Если прибегнуть к опыту выдающихся литераторов прошлого, то лирическое произведение колеблется между тремя и четырьмя четверостишиями. Тот же Белинский напоминал о том, что оно должно быть коротко. Немало подобных стихов и у Валерия Хатюшина, в которых такое счастливо найденное сочетание создаёт органичную цельность и завершённость. «Плывут, как письма, облака / к тебе во все концы земли, / никем не узнаны пока, / и растворяются вдали. <…> И я в мечтах о том тепле / ищу тебя по всей стране, / ищу тебя на всей земле, / ищу, а ты живёшь во мне» — вот он неповторимый феномен поэзии, словно найденный в «невыносимой лёгкости бытия», чтобы пронести любовь сквозь все времена и пространства. Однако искусство поэзии тем и отличается от геометрии, что его пропорции отклоняются от абсолютной правильности, будучи почти не различимы. Поэтическая гармония — вещь достаточно хрупкая и неуловимая. Впрочем, необходимо подчеркнуть существенный момент — любое поэтическое произведение В. Хатюшина никоим образом излишне не перегружено ни по форме, ни по содержанию. К примеру, стихи: «Мне на голову звёзды падают; / для чего — я не знаю сам…» (1969) несут в себе необыкновенную лирическую ясность, не отягощённую какими-либо условностями. «Написать ей, наверно, надо бы, / охладев ко вчерашним дням… / А на голову звёзды падают… / Отчего — я не знаю сам» — нечто непостижимое, когда любовь, как и жизнь, опровергают очевидные истины.

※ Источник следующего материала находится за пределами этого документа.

lemma edge_bij_pairE:
  assumes "mgraph V1 E1" "mgraph V2 E2" "edge_bij P (inc_edges E1 v1) (inc_edges E2 v2)"
    and "(e, f) \<in># P"
  obtains a b where "e = Upair v1 a" "f = Upair v2 b" "a \<in> V1 - {v1}" "b \<in> V2 - {v2}"
proof -
  have "e \<in># inc_edges E1 v1" "f \<in># inc_edges E2 v2"
    using assms(3,4) unfolding edge_bij_def by (metis fst_conv snd_conv image_eqI set_image_mset)+
  then show ?thesis using that inc_edgesE[OF assms(1)] inc_edgesE[OF assms(2)] by metis
qed

lemma edge_bij_swap: "edge_bij P A B \<Longrightarrow> edge_bij (image_mset prod.swap P) B A"
  unfolding edge_bij_def by (simp add: multiset.map_comp o_def)

lemma esum_V_swap: "esum_V V1 V2 v1 v2 = esum_V V2 V1 v2 v1"
  unfolding esum_V_def by auto

lemma esum_E_swap: "esum_E E1 E2 v1 v2 P = esum_E E2 E1 v2 v1 (image_mset prod.swap P)"
proof -
  have "image_mset (\<lambda>(e, f). Upair (other_end v1 e) (other_end v2 f)) P
      = image_mset (\<lambda>(e, f). Upair (other_end v2 e) (other_end v1 f)) (image_mset prod.swap P)"
    by (simp add: multiset.map_comp o_def case_prod_beta) (rule image_mset_cong, auto)
  then show ?thesis unfolding esum_E_def by (simp add: ac_simps)
qed

lemma mgraph_esum:
  assumes mg1: "mgraph V1 E1" and mg2: "mgraph V2 E2" and disj: "V1 \<inter> V2 = {}"
    and eb: "edge_bij P (inc_edges E1 v1) (inc_edges E2 v2)"
  shows "mgraph (esum_V V1 V2 v1 v2) (esum_E E1 E2 v1 v2 P)"
  unfolding mgraph_def
proof (rule conjI[OF _ ballI])
  show "finite (esum_V V1 V2 v1 v2)" using mg1 mg2 by (auto simp: mgraph_def esum_V_def)
next
  fix e assume "e \<in># esum_E E1 E2 v1 v2 P"
  then consider "e \<in># E1" "v1 \<notin> set_uprod e" | "e \<in># E2" "v2 \<notin> set_uprod e"
    | e1 f1 where "(e1, f1) \<in># P" "e = Upair (other_end v1 e1) (other_end v2 f1)"
    unfolding esum_E_def diff_inc_edges by auto
  then show "proper_uprod e \<and> set_uprod e \<subseteq> esum_V V1 V2 v1 v2"
  proof cases
    case 3
    then show ?thesis
      using disj by (elim edge_bij_pairE[OF mg1 mg2 eb]) (auto simp: esum_V_def)
  qed (use mg1 mg2 in \<open>auto simp: mgraph_def esum_V_def\<close>)
qed

lemma cut_size_esum_E_left:
  assumes mg1: "mgraph V1 E1" and mg2: "mgraph V2 E2" and disj: "V1 \<inter> V2 = {}"
    and eb: "edge_bij P (inc_edges E1 v1) (inc_edges E2 v2)" and XV: "X \<subseteq> V1"
  shows "cut_size (esum_E E1 E2 v1 v2 P) ((X - {v1}) \<union> (if v1 \<in> X then V2 - {v2} else {}))
    = cut_size E1 X"
proof -
  define X' where "X' = (X - {v1}) \<union> (if v1 \<in> X then V2 - {v2} else {})"
  have mem1: "a \<in> X' \<longleftrightarrow> a \<in> X" if "a \<in> V1 - {v1}" for a
    using that disj by (auto simp: X'_def)
  have mem2: "b \<in> X' \<longleftrightarrow> v1 \<in> X" if "b \<in> V2 - {v2}" for b
    using that disj XV by (auto simp: X'_def)
  have rest1: "cut_size (E1 - inc_edges E1 v1) X' = cut_size (E1 - inc_edges E1 v1) X"
    by (rule cut_size_cong)
      (use mem1 in \<open>auto simp: diff_inc_edges dest!: mgraph_edge[OF mg1]\<close>)
  have rest2: "cut_size (E2 - inc_edges E2 v2) X' = 0"
    by (rule cut_size_eq_0)
      (use mem2 in \<open>auto simp: diff_inc_edges dest!: mgraph_edge[OF mg2]\<close>)
  have "cut_size (image_mset (\<lambda>(e, f). Upair (other_end v1 e) (other_end v2 f)) P) X'
      = size (filter_mset (\<lambda>p. crosses X (fst p)) P)"
    unfolding cut_size_image_mset
  proof (rule arg_cong[where f=size], rule filter_mset_cong[OF refl])
    fix p assume "p \<in># P"
    moreover obtain e f where "p = (e, f)" by (cases p)
    ultimately show "crosses X' ((\<lambda>(e, f). Upair (other_end v1 e) (other_end v2 f)) p)
        = crosses X (fst p)"
      using mem1 mem2 by (auto elim!: edge_bij_pairE[OF mg1 mg2 eb])
  qed
  also have "\<dots> = cut_size (inc_edges E1 v1) X"
    using eb unfolding edge_bij_def by (metis cut_size_image_mset)
  finally have glued: "cut_size (image_mset (\<lambda>(e, f). Upair (other_end v1 e) (other_end v2 f)) P) X'
      = cut_size (inc_edges E1 v1) X" .
  have "E1 = (E1 - inc_edges E1 v1) + inc_edges E1 v1"
    by (simp add: inc_edges_def)
  then have "cut_size E1 X = cut_size (E1 - inc_edges E1 v1) X + cut_size (inc_edges E1 v1) X"
    by (metis cut_size_add)
  then show ?thesis unfolding X'_def[symmetric] esum_E_def cut_size_add rest1 rest2 glued by simp
qed

lemma cut_size_esum_E_right:
  assumes mg1: "mgraph V1 E1" and mg2: "mgraph V2 E2" and disj: "V1 \<inter> V2 = {}"
    and eb: "edge_bij P (inc_edges E1 v1) (inc_edges E2 v2)"
    and YV: "Y \<subseteq> V2" "v2 \<notin> Y"
  shows "cut_size (esum_E E1 E2 v1 v2 P) Y = cut_size E2 Y"
proof -
  have "cut_size (esum_E E2 E1 v2 v1 (image_mset prod.swap P))
          ((Y - {v2}) \<union> (if v2 \<in> Y then V1 - {v1} else {})) = cut_size E2 Y"
    by (rule cut_size_esum_E_left[OF mg2 mg1 _ edge_bij_swap[OF eb] YV(1)]) (use disj in auto)
  moreover have "(Y - {v2}) \<union> (if v2 \<in> Y then V1 - {v1} else {}) = Y" using YV by auto
  ultimately show ?thesis using esum_E_swap by metis
qed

Достаточно упомянуть в этой связи сюжетное произведение «Первые цветы» (1970), где обычная жизненная ситуация, вполне понятная по своему повествованию, высвечивает драматургическую силу лирики В. Хатюшина. «Без мужа, без детей, немолодая… / Я к ней зашёл в её сутулый дом» — общими крупными штрихами поэт рисует портрет одинокой женщины, которой впервые дарят цветы. «Она стояла, глаз не поднимая, / как бы застыв от жгучей немоты… / И я молчал, ещё не понимая, / что в первый раз дарили ей цветы. <…> И виновато, грустно мы простились, / я ей в ответ ни слова не сказал, / но помню я: как будто осветились / её доселе мутные глаза». Мне думается, что более пронзительней высказать мысль про женскую боль одиночества, боль неосуществимой любви, её неутолимую жажду нельзя. Тема заявлена в первой строфе, а сама идея, её неоднозначная суть и сильная позиция открываются лишь в последней: «Ей знать не надо этого обмана: / цветы как деньги были — заодно. / И я достал бутылку из кармана, / чтоб вылить в землю красное вино». Так или иначе, но обыденное и высокое здесь пересекаются, говоря о философской двойственности мира.
Между тем, очень любопытно смотреть на даты написания тех или иных стихов, соотнося возраст автора с эволюцией его чувств. Поэту — 23 года. Перед нами — произведение «Август», пронизанное мотивами умирания любви, правдой убитых желаний, той обнажённой правдой, что сокрыта, как тонко замечает поэт, «в прохладе чувств, лишённых простоты». Когда любишь, то действительно в отношениях присутствует невероятная обоюдная лёгкость. «Раскаянье и разочарованье, / а не печаль дождей и увяданья / теперь виной угрюмству моему» — сложно предположить, касательно самого текста, что его автор так молод. «Ну что же делать в пору увяданья? / Когда уже не ищем оправданья / упрёкам и холодности своей. / Когда мы сами призрачно чужие, / когда деревья в парке чуть живые / и шум листвы всё тише, всё слабей…» — мы будто попадаем в символическую атмосферу увяданья природы, созвучной увяданью любовных чувств. Осень — знаковое время в природе, наполненное прозрениями, когда сложно жить вопреки Экклесиасту, когда действительно всё проходит, и ты глубже и глубже постигаешь вечную философию мира и человеческого бытия. И мягко струятся печальные строки стихов поэта и, словно пожелтевшие кленовые листья, медленно падают к ногам ошеломленного читателя. В этом ключе прощальной мелодии расставанья не менее пронзительно звучит и стихотворение «Я хотел позабыть наши дни…» (1971). Можно сказать, лишь одно: так написать о любви, так передать энергетический накал чувств, восходящий к её высшей точке, дано только тому, кто сам по-настоящему любил: «Я раздавлен тоской, / я измотан, измучен, истерзан, / как в предсмертном бреду, / я кричу: не могу без тебя! <…> Только дай мне одну / даже пусть невозможную встречу! / Я не знал до сих пор, / что так страшно, / так больно люблю». Комментарии — бессильны. Ведь любовь — и восхождение, и бездна, из которой можно только вымаливать чьи-то души, делая это по-достоевски жертвенно и человечно.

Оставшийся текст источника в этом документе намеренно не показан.